**WHAT TO WORK ON**
Set down the records that follow in full and without changes.

[Opening RECORDS FOR THIS TASK section]

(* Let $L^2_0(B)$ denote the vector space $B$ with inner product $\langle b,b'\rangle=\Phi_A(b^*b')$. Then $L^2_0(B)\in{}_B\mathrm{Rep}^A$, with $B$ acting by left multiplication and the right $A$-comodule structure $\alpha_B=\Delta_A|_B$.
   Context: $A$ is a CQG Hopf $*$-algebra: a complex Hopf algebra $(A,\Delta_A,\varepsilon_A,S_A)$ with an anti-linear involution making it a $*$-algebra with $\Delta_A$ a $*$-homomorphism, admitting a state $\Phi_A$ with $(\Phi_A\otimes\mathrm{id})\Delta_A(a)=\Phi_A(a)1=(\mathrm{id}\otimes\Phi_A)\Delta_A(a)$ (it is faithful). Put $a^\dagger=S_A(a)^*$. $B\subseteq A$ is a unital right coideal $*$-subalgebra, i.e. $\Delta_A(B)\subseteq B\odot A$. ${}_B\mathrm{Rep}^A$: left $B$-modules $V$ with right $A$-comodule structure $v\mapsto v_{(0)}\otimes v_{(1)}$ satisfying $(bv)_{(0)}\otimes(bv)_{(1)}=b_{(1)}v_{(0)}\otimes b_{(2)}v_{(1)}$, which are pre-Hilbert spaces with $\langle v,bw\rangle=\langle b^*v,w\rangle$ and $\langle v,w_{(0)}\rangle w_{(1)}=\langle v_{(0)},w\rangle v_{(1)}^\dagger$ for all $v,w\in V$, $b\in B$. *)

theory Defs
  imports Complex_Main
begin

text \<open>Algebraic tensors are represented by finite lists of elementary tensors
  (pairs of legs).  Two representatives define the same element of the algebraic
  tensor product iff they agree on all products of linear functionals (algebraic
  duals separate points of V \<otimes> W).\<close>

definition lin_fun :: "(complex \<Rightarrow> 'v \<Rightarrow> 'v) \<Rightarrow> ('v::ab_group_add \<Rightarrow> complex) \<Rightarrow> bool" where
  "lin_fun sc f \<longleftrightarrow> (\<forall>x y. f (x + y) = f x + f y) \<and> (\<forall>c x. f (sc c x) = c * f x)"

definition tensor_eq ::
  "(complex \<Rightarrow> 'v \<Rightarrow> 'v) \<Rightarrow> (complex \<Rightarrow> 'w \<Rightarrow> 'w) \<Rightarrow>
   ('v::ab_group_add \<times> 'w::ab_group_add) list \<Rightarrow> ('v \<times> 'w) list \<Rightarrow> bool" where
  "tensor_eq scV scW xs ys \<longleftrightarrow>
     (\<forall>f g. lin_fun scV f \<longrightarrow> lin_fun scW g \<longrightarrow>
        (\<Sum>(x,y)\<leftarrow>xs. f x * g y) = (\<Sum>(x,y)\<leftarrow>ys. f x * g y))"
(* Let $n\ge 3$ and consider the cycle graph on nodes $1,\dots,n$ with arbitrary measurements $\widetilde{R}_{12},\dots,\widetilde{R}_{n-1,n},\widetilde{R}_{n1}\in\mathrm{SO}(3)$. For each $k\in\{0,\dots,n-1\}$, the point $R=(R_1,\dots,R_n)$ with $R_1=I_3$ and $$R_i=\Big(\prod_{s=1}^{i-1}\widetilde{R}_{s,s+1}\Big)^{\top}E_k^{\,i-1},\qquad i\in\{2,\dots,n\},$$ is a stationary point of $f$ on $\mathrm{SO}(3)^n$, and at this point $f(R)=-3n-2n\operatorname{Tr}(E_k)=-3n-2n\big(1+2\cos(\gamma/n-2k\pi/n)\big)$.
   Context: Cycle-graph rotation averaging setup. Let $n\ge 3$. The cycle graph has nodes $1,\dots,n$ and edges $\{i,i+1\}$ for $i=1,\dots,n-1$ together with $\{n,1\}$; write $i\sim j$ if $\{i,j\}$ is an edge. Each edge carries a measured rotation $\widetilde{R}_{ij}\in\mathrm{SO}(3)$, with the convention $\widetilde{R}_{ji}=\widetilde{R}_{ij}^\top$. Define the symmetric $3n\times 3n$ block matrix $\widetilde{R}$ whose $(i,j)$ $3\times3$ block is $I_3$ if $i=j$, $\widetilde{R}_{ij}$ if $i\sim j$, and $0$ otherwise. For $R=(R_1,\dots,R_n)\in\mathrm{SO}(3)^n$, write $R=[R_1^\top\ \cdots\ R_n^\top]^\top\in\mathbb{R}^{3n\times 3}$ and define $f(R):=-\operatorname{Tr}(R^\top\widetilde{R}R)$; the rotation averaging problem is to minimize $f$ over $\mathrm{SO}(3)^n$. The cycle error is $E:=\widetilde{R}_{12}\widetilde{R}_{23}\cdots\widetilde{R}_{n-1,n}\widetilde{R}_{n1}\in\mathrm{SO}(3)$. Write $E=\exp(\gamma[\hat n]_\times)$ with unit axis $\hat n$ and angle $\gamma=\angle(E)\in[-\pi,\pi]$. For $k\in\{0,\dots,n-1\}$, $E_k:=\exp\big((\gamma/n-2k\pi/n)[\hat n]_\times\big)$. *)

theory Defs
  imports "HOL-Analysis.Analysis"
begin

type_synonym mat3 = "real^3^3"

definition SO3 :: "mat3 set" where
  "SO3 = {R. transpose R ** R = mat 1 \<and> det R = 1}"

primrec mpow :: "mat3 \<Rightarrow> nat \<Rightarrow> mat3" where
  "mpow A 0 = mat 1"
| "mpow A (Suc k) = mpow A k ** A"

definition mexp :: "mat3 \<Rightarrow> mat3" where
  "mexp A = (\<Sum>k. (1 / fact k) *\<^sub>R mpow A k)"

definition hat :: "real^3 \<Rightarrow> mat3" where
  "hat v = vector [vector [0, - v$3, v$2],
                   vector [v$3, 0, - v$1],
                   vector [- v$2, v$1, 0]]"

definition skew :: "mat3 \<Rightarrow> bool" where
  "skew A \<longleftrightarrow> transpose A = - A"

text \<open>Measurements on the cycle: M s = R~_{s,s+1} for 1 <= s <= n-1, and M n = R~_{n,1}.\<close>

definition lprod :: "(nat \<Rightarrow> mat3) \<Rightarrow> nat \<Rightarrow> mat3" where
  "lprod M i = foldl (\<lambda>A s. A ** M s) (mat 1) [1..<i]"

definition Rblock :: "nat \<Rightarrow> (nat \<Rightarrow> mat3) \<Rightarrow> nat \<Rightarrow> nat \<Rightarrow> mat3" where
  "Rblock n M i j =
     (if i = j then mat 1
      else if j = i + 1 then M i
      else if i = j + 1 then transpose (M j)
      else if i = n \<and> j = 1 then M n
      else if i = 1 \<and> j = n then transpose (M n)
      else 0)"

[Closing RECORDS FOR THIS TASK section]

**EXERCISE RESULT**
(* Let $L^2_0(B)$ denote the vector space $B$ with inner product $\langle b,b'\rangle=\Phi_A(b^*b')$. Then $L^2_0(B)\in{}_B\mathrm{Rep}^A$, with $B$ acting by left multiplication and the right $A$-comodule structure $\alpha_B=\Delta_A|_B$.
   Context: $A$ is a CQG Hopf $*$-algebra: a complex Hopf algebra $(A,\Delta_A,\varepsilon_A,S_A)$ with an anti-linear involution making it a $*$-algebra with $\Delta_A$ a $*$-homomorphism, admitting a state $\Phi_A$ with $(\Phi_A\otimes\mathrm{id})\Delta_A(a)=\Phi_A(a)1=(\mathrm{id}\otimes\Phi_A)\Delta_A(a)$ (it is faithful). Put $a^\dagger=S_A(a)^*$. $B\subseteq A$ is a unital right coideal $*$-subalgebra, i.e. $\Delta_A(B)\subseteq B\odot A$. ${}_B\mathrm{Rep}^A$: left $B$-modules $V$ with right $A$-comodule structure $v\mapsto v_{(0)}\otimes v_{(1)}$ satisfying $(bv)_{(0)}\otimes(bv)_{(1)}=b_{(1)}v_{(0)}\otimes b_{(2)}v_{(1)}$, which are pre-Hilbert spaces with $\langle v,bw\rangle=\langle b^*v,w\rangle$ and $\langle v,w_{(0)}\rangle w_{(1)}=\langle v_{(0)},w\rangle v_{(1)}^\dagger$ for all $v,w\in V$, $b\in B$. *)

theory Defs
  imports Complex_Main
begin

text \<open>Algebraic tensors are represented by finite lists of elementary tensors
  (pairs of legs).  Two representatives define the same element of the algebraic
  tensor product iff they agree on all products of linear functionals (algebraic
  duals separate points of V \<otimes> W).\<close>

definition lin_fun :: "(complex \<Rightarrow> 'v \<Rightarrow> 'v) \<Rightarrow> ('v::ab_group_add \<Rightarrow> complex) \<Rightarrow> bool" where
  "lin_fun sc f \<longleftrightarrow> (\<forall>x y. f (x + y) = f x + f y) \<and> (\<forall>c x. f (sc c x) = c * f x)"

definition tensor_eq ::
  "(complex \<Rightarrow> 'v \<Rightarrow> 'v) \<Rightarrow> (complex \<Rightarrow> 'w \<Rightarrow> 'w) \<Rightarrow>
   ('v::ab_group_add \<times> 'w::ab_group_add) list \<Rightarrow> ('v \<times> 'w) list \<Rightarrow> bool" where
  "tensor_eq scV scW xs ys \<longleftrightarrow>
     (\<forall>f g. lin_fun scV f \<longrightarrow> lin_fun scW g \<longrightarrow>
        (\<Sum>(x,y)\<leftarrow>xs. f x * g y) = (\<Sum>(x,y)\<leftarrow>ys. f x * g y))"
(* Let $n\ge 3$ and consider the cycle graph on nodes $1,\dots,n$ with arbitrary measurements $\widetilde{R}_{12},\dots,\widetilde{R}_{n-1,n},\widetilde{R}_{n1}\in\mathrm{SO}(3)$. For each $k\in\{0,\dots,n-1\}$, the point $R=(R_1,\dots,R_n)$ with $R_1=I_3$ and $$R_i=\Big(\prod_{s=1}^{i-1}\widetilde{R}_{s,s+1}\Big)^{\top}E_k^{\,i-1},\qquad i\in\{2,\dots,n\},$$ is a stationary point of $f$ on $\mathrm{SO}(3)^n$, and at this point $f(R)=-3n-2n\operatorname{Tr}(E_k)=-3n-2n\big(1+2\cos(\gamma/n-2k\pi/n)\big)$.
   Context: Cycle-graph rotation averaging setup. Let $n\ge 3$. The cycle graph has nodes $1,\dots,n$ and edges $\{i,i+1\}$ for $i=1,\dots,n-1$ together with $\{n,1\}$; write $i\sim j$ if $\{i,j\}$ is an edge. Each edge carries a measured rotation $\widetilde{R}_{ij}\in\mathrm{SO}(3)$, with the convention $\widetilde{R}_{ji}=\widetilde{R}_{ij}^\top$. Define the symmetric $3n\times 3n$ block matrix $\widetilde{R}$ whose $(i,j)$ $3\times3$ block is $I_3$ if $i=j$, $\widetilde{R}_{ij}$ if $i\sim j$, and $0$ otherwise. For $R=(R_1,\dots,R_n)\in\mathrm{SO}(3)^n$, write $R=[R_1^\top\ \cdots\ R_n^\top]^\top\in\mathbb{R}^{3n\times 3}$ and define $f(R):=-\operatorname{Tr}(R^\top\widetilde{R}R)$; the rotation averaging problem is to minimize $f$ over $\mathrm{SO}(3)^n$. The cycle error is $E:=\widetilde{R}_{12}\widetilde{R}_{23}\cdots\widetilde{R}_{n-1,n}\widetilde{R}_{n1}\in\mathrm{SO}(3)$. Write $E=\exp(\gamma[\hat n]_\times)$ with unit axis $\hat n$ and angle $\gamma=\angle(E)\in[-\pi,\pi]$. For $k\in\{0,\dots,n-1\}$, $E_k:=\exp\big((\gamma/n-2k\pi/n)[\hat n]_\times\big)$. *)

theory Defs
  imports "HOL-Analysis.Analysis"
begin

type_synonym mat3 = "real^3^3"

definition SO3 :: "mat3 set" where
  "SO3 = {R. transpose R ** R = mat 1 \<and> det R = 1}"

primrec mpow :: "mat3 \<Rightarrow> nat \<Rightarrow> mat3" where
  "mpow A 0 = mat 1"
| "mpow A (Suc k) = mpow A k ** A"

definition mexp :: "mat3 \<Rightarrow> mat3" where
  "mexp A = (\<Sum>k. (1 / fact k) *\<^sub>R mpow A k)"

definition hat :: "real^3 \<Rightarrow> mat3" where
  "hat v = vector [vector [0, - v$3, v$2],
                   vector [v$3, 0, - v$1],
                   vector [- v$2, v$1, 0]]"

definition skew :: "mat3 \<Rightarrow> bool" where
  "skew A \<longleftrightarrow> transpose A = - A"

text \<open>Measurements on the cycle: M s = R~_{s,s+1} for 1 <= s <= n-1, and M n = R~_{n,1}.\<close>

definition lprod :: "(nat \<Rightarrow> mat3) \<Rightarrow> nat \<Rightarrow> mat3" where
  "lprod M i = foldl (\<lambda>A s. A ** M s) (mat 1) [1..<i]"

definition Rblock :: "nat \<Rightarrow> (nat \<Rightarrow> mat3) \<Rightarrow> nat \<Rightarrow> nat \<Rightarrow> mat3" where
  "Rblock n M i j =
     (if i = j then mat 1
      else if j = i + 1 then M i
      else if i = j + 1 then transpose (M j)
      else if i = n \<and> j = 1 then M n
      else if i = 1 \<and> j = n then transpose (M n)
      else 0)"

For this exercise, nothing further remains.